**Data for review:**

^^^^

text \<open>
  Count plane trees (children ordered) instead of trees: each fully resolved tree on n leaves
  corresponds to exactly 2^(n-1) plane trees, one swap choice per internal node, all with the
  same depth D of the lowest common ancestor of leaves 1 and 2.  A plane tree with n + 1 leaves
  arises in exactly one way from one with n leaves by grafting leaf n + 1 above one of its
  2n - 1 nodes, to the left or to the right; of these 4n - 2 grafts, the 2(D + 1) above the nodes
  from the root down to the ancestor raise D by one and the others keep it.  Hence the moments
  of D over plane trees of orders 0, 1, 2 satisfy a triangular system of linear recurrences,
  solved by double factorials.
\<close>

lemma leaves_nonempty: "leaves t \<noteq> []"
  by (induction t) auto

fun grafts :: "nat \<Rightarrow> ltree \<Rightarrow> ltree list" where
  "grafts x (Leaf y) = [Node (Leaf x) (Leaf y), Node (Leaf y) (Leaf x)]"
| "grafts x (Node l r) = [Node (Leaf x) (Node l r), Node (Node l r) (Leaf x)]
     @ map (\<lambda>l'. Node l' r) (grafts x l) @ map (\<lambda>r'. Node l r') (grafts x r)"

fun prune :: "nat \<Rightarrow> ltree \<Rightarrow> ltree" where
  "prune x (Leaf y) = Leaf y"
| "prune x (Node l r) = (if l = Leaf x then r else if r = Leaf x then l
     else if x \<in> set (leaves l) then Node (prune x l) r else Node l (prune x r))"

^^^^

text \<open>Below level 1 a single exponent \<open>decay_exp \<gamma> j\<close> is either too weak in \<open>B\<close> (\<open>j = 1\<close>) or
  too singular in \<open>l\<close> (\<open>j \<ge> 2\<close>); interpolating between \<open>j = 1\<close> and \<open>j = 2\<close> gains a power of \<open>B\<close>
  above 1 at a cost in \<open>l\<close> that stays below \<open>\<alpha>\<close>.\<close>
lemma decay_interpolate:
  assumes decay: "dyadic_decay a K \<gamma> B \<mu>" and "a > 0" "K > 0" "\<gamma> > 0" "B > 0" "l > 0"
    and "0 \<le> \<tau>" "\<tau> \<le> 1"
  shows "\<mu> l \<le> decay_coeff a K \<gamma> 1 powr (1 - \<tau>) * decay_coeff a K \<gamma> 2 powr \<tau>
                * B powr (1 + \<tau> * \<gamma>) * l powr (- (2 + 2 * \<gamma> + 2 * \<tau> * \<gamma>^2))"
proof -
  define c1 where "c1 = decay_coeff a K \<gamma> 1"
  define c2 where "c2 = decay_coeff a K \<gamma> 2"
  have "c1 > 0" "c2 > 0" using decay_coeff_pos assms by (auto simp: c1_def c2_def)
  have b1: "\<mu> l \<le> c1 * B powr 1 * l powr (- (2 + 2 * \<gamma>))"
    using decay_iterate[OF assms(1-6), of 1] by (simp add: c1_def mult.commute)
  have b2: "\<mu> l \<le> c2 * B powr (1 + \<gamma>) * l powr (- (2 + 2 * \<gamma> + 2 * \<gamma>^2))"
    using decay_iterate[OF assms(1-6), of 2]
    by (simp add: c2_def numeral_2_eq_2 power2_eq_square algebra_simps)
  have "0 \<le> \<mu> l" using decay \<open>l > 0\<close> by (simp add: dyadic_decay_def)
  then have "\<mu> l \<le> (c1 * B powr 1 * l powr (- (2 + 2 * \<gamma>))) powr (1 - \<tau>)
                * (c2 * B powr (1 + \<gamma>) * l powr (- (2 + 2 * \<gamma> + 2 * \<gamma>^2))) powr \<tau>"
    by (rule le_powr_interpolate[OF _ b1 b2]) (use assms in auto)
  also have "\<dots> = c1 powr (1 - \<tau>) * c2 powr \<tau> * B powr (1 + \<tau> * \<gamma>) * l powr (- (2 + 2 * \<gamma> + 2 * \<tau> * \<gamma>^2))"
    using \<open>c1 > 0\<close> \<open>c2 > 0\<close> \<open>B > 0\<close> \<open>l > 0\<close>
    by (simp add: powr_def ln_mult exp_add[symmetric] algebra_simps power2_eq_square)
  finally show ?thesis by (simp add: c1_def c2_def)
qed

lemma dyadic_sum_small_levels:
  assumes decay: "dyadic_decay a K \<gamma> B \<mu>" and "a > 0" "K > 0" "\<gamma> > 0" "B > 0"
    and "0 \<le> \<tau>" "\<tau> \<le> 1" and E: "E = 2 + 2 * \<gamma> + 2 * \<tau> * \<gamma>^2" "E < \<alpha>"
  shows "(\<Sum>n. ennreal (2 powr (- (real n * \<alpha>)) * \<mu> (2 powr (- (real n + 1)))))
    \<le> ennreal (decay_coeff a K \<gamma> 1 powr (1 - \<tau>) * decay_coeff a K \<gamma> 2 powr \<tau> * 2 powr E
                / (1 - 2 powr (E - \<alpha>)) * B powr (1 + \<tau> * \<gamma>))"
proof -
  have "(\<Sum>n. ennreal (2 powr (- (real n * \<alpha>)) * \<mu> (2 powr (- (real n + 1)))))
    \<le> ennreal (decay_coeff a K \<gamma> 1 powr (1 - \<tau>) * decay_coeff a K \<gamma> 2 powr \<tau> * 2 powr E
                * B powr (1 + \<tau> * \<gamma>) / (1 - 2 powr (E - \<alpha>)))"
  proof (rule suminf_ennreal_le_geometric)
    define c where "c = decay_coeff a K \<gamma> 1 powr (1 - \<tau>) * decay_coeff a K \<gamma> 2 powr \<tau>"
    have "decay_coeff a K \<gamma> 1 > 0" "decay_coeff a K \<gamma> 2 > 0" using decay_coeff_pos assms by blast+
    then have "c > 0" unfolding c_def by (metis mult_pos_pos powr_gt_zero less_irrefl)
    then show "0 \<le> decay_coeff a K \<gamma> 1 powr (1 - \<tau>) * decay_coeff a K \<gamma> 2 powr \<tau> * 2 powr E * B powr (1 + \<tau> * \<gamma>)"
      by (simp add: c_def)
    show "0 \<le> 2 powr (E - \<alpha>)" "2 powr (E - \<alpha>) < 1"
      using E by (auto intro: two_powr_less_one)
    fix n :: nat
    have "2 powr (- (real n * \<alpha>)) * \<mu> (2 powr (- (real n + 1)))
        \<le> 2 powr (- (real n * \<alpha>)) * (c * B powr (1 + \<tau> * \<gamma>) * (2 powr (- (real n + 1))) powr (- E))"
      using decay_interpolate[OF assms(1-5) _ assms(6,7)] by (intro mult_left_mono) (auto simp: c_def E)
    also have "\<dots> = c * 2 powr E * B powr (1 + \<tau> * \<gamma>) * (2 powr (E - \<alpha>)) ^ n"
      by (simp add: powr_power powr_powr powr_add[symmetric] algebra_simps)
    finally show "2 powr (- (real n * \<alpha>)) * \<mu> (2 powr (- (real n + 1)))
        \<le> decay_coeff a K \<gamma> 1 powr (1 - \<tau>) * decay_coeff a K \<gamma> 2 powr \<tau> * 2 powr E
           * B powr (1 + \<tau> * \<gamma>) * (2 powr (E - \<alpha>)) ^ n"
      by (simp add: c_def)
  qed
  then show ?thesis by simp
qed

^^^^

Beginning at the line with "by (rule le_powr_interpolate[OF" and stopping after the line with "using \<open>c1 >", please write out every line of the data above exactly and nothing else.

    by (rule le_powr_interpolate[OF _ b1 b2]) (use assms in auto)
  also have "\<dots> = c1 powr (1 - \<tau>) * c2 powr \<tau> * B powr (1 + \<tau> * \<gamma>) * l powr (- (2 + 2 * \<gamma> + 2 * \<tau> * \<gamma>^2))"
    using \<open>c1 > 0\<close> \<open>c2 > 0\<close> \<open>B > 0\<close> \<open>l > 0\<close>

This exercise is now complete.